In 2014, the comparable income tax expense increased compared to 2013 due to changes in the amount of earnings between the jurisdictions in which pre-tax income is earned, offset by lower comparable earnings.
The comparable effective tax rate on earnings attributable to TransAlta shareholders increased for the year ended Dec. 31, 2015 compared to 2014 due to certain amounts that do not fluctuate with earnings, and changes in the amount of earnings between the jurisdictions in which pre-tax income is earned.
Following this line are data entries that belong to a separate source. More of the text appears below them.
lemma rotational_count_formula:
  fixes d q k S M :: nat
  assumes d: "d \<ge> 2" and q: "q \<ge> 1" and k: "k \<ge> 1"
    and double_count: "S * (k*q) = M * (d-1)"
    and M_eq: "int M = (\<Sum>n=0..k. (-1)^n * int (k choose n) * int (((k-n)*q + (d-1) - 1) choose (d-1)))"
  shows "int S = (\<Sum>j=1..k. (-1)^(k+j) * int ((k-1) choose (j-1)) * int ((d-2+j*q) choose (d-2)))"
proof -
  define g where "g n = (-1::int)^n * int (k choose n) * int (((k-n)*q + (d-1) - 1) choose (d-1))" for n
  define h where "h j = (-1::int)^(k-j) * int (k choose j) * int ((j*q + d - 2) choose (d-1))" for j
  have "(\<Sum>n=0..k. g n) = (\<Sum>j=0..k. g (k - j))"
    by (intro sum.reindex_bij_witness[of _ "\<lambda>j. k - j" "\<lambda>j. k - j"]) auto
  also have "\<dots> = (\<Sum>j=0..k. h j)"
  proof (rule sum.cong[OF refl])
    fix j assume "j \<in> {0..k}"
    then have j: "j \<le> k" by simp
    then have "k - (k - j) = j" "(j*q + (d-1) - 1) = j*q + d - 2" using d by auto
    then show "g (k - j) = h j" using j by (simp add: g_def h_def binomial_symmetric[OF j, symmetric])
  qed
  also have "\<dots> = h 0 + (\<Sum>j=1..k. h j)"
    by (simp add: sum.atLeast_Suc_atMost)
  also have "h 0 = 0" using d by (simp add: h_def)
  finally have M_eq_h: "int M = (\<Sum>j=1..k. h j)" using M_eq by (simp add: g_def)
  have "int (k*q) * (\<Sum>j=1..k. (-1)^(k+j) * int ((k-1) choose (j-1)) * int ((d-2+j*q) choose (d-2)))
      = (\<Sum>j=1..k. int (d-1) * h j)"
    unfolding sum_distrib_left h_def using d by (intro sum.cong refl binomial_term_rescale) auto
  also have "\<dots> = int (d-1) * int M" by (simp add: M_eq_h sum_distrib_left)
  also have "\<dots> = int (k*q) * int S" using double_count by (metis mult.commute of_nat_mult)
  finally show ?thesis using k q by simp
qed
In 2014, the comparable effective tax rate on earnings attributable to TransAlta shareholders increased compared to 2013 due to changes in the amount of earnings between the jurisdictions in which pre-tax income is earned and the effect of certain deductions that do not fluctuate with earnings.
During the year ended Dec. 31, 2015, we reversed a previous writedown of deferred income tax assets of $56 million. The deferred income tax assets relate mainly to the tax benefits of losses associated with our directly owned U.S. operations. We had written these assets off as it was no longer considered probable that sufficient future taxable income would be available from our directly owned U.S. operations to utilize the underlying tax losses, due to reduced price growth expectations. Recognized other comprehensive income during the year ended Dec. 31, 2015 has given rise to a taxable temporary difference that forms the primary basis for utilization of some of the tax losses and the reversal of the writedown.
In order to give effect to the Transaction with TransAlta Renewables, a reorganization of certain TransAlta companies was completed. The reorganization resulted in the recognition in 2015 of $95 million deferred tax liability on TransAlta’s investment in a subsidiary. The deferred tax liability had not been recognized previously, since prior to the reorganization, the taxable temporary difference was not expected to reverse in the foreseeable future.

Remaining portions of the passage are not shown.